• WORK REQUIRED:
Collect every line in the records below that contains the word "thesis".

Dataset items
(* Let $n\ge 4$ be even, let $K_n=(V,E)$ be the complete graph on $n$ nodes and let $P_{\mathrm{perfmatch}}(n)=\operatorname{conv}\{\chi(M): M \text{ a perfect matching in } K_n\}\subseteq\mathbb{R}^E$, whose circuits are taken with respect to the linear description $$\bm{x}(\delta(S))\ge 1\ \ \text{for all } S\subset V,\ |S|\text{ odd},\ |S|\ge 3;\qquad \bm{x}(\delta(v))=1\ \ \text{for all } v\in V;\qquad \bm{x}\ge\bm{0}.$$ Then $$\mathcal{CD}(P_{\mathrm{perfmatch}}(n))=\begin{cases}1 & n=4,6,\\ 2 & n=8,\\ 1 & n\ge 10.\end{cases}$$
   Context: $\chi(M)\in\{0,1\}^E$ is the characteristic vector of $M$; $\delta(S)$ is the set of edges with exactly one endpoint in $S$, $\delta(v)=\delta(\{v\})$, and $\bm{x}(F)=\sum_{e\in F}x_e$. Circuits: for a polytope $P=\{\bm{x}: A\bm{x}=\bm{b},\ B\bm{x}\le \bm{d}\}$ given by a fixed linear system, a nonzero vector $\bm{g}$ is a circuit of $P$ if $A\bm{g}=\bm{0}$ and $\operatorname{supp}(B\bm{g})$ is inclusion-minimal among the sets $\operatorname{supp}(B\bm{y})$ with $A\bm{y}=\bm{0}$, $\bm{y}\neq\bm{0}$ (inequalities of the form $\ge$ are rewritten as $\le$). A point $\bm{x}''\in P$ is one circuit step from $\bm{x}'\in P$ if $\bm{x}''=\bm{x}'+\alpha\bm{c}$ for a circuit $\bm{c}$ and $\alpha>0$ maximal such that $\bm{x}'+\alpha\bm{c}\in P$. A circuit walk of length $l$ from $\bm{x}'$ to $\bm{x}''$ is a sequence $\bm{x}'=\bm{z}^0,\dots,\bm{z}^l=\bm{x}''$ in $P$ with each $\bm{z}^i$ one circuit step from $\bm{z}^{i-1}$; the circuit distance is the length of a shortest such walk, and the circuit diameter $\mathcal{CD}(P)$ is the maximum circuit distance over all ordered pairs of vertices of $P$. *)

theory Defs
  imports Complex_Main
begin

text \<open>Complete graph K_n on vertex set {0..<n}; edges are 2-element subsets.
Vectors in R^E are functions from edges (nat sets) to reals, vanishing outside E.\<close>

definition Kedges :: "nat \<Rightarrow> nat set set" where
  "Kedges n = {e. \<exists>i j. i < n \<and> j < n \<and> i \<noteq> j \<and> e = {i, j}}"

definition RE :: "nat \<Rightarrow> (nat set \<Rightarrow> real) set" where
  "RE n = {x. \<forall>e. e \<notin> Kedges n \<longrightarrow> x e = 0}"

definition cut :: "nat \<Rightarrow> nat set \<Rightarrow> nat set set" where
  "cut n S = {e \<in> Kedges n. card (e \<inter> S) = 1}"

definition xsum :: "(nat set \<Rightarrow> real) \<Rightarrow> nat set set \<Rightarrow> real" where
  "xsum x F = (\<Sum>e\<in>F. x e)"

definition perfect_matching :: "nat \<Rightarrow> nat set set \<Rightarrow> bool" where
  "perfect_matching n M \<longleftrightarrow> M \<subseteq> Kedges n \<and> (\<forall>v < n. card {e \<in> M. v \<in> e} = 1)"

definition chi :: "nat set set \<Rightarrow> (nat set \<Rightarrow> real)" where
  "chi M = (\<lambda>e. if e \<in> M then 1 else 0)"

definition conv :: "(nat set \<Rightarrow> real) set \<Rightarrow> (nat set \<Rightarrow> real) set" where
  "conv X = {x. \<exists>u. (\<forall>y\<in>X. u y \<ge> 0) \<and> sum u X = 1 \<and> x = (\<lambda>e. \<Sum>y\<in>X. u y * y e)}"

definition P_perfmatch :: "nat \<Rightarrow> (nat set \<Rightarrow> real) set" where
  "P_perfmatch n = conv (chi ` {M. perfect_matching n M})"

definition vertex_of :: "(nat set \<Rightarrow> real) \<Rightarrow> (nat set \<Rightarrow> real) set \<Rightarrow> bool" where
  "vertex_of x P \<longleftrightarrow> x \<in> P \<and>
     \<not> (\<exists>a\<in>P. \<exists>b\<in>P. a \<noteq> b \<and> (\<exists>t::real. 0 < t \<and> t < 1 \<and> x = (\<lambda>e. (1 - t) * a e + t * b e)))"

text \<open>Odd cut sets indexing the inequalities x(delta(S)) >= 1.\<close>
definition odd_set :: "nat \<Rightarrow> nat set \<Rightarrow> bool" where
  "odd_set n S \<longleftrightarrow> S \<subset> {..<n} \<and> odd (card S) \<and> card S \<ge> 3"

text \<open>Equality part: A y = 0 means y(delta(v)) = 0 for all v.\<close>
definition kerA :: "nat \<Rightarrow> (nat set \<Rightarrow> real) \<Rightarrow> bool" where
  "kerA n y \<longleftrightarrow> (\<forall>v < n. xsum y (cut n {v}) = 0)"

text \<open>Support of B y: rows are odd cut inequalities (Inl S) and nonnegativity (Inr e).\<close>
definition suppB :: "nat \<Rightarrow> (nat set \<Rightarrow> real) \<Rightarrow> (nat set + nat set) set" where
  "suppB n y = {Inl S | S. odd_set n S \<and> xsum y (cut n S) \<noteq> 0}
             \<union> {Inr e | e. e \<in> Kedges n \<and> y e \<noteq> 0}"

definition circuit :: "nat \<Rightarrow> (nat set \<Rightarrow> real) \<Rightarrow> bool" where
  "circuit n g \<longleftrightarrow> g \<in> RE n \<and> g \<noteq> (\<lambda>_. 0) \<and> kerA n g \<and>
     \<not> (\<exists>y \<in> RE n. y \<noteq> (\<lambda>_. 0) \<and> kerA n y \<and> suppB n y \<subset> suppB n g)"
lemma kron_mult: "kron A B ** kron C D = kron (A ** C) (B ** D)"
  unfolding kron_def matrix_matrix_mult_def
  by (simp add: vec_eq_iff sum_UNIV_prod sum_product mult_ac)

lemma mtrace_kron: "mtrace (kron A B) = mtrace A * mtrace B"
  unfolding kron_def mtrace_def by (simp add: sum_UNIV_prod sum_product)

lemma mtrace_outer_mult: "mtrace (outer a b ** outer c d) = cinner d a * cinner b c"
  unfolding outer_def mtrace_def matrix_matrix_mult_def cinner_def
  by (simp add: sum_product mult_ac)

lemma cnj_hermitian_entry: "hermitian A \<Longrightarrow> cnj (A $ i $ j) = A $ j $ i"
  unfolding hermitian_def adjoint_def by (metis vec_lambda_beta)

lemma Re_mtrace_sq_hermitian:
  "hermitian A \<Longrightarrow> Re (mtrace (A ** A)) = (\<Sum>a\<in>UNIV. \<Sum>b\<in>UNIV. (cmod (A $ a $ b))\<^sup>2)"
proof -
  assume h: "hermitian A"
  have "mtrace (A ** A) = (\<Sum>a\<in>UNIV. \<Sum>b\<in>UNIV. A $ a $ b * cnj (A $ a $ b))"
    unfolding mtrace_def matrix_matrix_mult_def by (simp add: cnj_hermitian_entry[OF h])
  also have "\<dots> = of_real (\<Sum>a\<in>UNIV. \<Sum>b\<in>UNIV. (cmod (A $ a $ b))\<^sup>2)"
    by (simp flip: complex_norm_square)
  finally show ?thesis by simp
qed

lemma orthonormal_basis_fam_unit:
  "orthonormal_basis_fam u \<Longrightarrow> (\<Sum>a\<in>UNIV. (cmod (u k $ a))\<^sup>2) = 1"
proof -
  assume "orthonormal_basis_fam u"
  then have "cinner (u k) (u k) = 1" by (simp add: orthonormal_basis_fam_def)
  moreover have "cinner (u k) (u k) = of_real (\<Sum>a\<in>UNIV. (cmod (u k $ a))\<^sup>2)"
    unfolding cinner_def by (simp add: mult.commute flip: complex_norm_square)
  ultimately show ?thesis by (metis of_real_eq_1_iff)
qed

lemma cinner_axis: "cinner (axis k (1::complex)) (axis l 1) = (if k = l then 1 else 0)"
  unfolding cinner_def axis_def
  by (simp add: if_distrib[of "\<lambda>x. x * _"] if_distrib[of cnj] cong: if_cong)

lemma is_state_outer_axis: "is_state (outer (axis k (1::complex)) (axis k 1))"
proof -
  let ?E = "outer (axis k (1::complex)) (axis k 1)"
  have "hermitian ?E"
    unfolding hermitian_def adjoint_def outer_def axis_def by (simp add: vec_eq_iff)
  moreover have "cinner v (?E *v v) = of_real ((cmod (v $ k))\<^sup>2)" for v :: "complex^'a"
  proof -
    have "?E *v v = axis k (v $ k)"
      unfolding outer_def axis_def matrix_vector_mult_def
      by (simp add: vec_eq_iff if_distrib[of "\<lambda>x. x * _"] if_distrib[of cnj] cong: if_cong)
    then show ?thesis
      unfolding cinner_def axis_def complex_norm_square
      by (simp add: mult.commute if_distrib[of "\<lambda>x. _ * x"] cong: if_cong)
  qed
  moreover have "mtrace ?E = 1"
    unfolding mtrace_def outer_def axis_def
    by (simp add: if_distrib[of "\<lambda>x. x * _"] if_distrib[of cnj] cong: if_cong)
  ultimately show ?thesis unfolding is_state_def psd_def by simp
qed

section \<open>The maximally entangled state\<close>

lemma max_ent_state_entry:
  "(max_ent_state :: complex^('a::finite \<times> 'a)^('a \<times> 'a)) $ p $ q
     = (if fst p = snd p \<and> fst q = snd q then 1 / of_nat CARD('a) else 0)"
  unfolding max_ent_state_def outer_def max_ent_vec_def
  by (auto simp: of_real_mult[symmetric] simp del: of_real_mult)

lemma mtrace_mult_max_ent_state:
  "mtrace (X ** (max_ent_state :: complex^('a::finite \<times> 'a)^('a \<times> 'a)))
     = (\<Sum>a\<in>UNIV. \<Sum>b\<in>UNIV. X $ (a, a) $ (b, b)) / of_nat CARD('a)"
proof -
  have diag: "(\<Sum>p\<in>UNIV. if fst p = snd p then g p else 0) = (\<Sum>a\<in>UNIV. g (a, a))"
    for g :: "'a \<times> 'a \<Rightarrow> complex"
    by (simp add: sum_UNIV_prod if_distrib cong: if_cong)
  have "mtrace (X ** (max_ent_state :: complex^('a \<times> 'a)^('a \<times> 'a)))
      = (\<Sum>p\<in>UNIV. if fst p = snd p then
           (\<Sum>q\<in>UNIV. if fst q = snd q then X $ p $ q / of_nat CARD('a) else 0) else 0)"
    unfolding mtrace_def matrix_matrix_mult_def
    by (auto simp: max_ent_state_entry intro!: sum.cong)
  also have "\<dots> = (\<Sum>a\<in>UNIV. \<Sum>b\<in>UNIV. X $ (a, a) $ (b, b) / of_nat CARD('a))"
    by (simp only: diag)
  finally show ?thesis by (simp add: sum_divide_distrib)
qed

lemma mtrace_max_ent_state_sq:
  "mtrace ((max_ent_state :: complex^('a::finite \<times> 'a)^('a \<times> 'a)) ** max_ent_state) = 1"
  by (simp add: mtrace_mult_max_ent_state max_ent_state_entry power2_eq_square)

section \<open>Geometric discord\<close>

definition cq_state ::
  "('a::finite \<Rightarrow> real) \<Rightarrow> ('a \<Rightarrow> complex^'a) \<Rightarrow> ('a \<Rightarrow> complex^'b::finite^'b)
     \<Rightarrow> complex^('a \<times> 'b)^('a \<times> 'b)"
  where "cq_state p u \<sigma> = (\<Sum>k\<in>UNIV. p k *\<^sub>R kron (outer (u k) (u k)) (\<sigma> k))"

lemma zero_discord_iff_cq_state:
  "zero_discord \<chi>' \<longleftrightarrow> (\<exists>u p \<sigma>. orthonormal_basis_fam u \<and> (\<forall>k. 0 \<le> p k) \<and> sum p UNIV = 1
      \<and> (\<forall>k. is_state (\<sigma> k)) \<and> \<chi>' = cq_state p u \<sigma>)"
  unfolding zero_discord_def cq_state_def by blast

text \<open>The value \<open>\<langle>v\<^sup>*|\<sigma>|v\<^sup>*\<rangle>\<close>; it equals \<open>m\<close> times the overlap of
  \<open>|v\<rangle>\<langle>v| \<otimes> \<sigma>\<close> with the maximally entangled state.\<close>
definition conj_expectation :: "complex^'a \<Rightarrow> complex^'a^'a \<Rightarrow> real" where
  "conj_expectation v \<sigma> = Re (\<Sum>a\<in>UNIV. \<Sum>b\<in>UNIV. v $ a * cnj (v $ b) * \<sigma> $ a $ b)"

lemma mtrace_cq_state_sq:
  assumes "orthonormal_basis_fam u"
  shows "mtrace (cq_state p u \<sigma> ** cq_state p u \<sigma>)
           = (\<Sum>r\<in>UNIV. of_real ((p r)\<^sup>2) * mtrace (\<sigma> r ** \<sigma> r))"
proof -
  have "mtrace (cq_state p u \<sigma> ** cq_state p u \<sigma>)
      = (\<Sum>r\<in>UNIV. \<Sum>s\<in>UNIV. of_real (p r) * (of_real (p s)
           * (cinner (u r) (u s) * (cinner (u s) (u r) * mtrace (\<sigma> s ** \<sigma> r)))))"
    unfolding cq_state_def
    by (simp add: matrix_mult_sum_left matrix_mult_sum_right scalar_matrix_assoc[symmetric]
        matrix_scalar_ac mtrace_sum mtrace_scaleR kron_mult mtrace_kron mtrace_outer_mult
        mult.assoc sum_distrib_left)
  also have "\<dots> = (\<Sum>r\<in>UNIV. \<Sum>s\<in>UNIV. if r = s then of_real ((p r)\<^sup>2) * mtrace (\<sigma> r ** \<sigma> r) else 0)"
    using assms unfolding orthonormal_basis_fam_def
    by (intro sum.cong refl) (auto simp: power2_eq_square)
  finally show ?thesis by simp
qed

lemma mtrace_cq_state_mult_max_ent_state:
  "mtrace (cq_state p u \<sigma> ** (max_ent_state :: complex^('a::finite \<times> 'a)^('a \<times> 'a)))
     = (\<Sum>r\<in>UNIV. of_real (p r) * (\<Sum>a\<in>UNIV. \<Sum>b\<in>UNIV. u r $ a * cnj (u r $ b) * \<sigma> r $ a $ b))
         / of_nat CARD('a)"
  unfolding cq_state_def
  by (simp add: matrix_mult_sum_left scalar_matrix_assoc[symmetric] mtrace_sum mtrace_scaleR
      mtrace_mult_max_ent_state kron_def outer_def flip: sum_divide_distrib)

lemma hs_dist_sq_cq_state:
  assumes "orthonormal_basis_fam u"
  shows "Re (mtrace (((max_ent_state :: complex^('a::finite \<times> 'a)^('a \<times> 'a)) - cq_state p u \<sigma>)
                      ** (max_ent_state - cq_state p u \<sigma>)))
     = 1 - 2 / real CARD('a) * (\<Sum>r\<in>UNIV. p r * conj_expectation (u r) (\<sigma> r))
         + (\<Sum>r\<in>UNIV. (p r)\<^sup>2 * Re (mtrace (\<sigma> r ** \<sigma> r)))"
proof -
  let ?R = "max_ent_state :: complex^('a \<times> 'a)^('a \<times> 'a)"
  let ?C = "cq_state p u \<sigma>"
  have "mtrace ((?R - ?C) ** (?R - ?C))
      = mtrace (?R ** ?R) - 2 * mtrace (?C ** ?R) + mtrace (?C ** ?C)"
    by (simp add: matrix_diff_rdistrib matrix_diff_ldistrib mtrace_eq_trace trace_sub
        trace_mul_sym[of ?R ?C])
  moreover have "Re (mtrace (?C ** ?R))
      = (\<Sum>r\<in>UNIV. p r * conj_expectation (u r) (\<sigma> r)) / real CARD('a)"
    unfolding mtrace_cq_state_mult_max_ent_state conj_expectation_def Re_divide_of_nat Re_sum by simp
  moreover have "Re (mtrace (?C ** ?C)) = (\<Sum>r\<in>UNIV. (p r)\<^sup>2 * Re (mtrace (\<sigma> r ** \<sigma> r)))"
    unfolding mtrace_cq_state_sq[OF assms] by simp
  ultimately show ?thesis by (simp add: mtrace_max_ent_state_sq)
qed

• SOLUTION FOR THIS PROBLEM:
  finally show ?thesis by simp
  ultimately show ?thesis by (metis of_real_eq_1_iff)
    then show ?thesis
  ultimately show ?thesis unfolding is_state_def psd_def by simp
  finally show ?thesis by (simp add: sum_divide_distrib)
  finally show ?thesis by simp
  ultimately show ?thesis by (simp add: mtrace_max_ent_state_sq)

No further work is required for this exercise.